▶ [How to complete this task] Could you count the lines below that include the word "fixed" and give only the number?

▶ [Provided data]
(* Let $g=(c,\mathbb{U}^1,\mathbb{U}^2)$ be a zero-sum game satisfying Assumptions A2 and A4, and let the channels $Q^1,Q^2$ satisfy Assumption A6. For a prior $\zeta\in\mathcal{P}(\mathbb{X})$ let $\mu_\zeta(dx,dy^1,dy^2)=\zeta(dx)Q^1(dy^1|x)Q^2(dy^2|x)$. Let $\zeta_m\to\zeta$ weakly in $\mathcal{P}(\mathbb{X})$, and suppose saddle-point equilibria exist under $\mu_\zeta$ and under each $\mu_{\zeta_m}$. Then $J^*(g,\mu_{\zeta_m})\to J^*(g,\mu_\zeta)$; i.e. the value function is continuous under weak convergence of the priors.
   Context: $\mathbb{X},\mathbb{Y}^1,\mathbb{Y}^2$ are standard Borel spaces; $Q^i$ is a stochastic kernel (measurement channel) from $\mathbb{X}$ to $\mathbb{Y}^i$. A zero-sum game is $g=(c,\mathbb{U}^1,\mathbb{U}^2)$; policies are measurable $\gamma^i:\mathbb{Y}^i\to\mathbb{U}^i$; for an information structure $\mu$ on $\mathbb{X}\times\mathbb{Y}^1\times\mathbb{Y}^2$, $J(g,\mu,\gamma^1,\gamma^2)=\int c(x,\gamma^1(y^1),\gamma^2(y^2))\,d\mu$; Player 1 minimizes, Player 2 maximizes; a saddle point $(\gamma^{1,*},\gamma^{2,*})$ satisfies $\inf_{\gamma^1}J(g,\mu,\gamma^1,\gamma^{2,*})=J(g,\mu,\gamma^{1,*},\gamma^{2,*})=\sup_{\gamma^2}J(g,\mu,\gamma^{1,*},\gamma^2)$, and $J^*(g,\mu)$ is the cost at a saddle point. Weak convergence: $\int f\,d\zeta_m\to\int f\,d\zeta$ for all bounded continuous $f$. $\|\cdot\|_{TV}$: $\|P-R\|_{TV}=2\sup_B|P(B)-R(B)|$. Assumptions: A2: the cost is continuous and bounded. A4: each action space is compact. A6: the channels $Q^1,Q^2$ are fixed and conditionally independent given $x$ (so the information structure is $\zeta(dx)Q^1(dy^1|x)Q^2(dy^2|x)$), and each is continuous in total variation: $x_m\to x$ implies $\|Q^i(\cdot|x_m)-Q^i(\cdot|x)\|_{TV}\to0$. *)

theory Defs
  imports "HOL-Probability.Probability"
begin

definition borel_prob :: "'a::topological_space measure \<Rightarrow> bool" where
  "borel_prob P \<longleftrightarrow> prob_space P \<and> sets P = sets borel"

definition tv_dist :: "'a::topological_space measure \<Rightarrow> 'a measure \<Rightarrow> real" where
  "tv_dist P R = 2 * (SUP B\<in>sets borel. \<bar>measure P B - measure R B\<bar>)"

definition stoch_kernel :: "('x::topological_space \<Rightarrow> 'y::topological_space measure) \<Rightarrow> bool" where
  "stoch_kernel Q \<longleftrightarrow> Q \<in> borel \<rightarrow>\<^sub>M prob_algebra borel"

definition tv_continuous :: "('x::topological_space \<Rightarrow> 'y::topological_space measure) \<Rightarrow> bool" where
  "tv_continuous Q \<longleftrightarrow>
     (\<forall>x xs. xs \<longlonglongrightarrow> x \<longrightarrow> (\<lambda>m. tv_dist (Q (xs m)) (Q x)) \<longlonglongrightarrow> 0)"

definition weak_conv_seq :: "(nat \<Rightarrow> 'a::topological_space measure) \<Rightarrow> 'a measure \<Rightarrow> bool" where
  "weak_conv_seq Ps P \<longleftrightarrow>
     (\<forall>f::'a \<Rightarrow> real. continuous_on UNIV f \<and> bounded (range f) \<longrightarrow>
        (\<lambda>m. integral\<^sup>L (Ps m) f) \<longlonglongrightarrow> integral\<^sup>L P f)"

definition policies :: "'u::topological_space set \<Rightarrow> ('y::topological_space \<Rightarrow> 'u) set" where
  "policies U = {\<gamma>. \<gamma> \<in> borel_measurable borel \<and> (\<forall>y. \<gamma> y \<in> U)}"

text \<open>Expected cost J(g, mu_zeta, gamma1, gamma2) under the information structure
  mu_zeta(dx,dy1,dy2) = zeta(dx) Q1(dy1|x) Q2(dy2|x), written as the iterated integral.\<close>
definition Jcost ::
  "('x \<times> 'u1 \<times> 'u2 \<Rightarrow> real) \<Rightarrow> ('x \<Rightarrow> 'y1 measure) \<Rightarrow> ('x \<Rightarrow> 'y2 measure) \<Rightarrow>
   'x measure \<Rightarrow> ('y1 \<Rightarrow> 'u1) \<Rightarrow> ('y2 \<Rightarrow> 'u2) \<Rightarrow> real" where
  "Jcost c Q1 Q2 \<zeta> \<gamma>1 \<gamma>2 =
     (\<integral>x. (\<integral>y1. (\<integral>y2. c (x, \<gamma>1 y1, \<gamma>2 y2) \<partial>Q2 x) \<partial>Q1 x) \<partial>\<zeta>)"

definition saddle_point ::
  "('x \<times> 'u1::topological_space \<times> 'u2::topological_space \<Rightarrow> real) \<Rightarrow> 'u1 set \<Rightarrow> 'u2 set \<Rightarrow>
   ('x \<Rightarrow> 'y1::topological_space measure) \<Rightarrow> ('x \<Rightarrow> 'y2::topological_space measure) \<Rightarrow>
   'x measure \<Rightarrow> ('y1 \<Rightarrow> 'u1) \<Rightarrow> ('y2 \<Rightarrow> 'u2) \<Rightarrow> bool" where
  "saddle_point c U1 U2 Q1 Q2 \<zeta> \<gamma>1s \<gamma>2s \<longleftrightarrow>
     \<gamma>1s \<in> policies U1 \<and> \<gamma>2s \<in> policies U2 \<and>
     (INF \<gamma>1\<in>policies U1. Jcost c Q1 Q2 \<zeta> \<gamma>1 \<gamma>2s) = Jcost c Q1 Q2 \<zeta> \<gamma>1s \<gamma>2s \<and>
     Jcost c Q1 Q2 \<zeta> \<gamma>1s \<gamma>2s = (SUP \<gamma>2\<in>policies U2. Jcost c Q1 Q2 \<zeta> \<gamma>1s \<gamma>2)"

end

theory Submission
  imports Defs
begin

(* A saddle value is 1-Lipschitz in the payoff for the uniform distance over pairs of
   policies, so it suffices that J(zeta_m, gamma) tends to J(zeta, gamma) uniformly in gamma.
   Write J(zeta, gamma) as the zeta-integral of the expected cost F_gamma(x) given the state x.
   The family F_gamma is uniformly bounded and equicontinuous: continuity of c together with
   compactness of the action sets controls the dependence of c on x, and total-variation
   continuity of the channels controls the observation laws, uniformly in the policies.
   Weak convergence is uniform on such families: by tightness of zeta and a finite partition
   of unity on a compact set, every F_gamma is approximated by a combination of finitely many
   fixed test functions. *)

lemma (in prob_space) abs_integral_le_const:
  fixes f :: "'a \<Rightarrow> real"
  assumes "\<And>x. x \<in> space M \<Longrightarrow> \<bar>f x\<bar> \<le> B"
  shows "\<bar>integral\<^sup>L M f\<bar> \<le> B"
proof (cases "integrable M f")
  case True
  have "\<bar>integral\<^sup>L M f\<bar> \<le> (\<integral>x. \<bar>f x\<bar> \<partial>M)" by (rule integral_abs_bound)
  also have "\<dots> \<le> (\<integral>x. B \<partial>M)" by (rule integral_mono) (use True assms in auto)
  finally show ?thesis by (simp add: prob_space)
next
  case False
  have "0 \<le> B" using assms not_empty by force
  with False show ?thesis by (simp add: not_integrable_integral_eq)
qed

▶ [Solution for this exercise] 2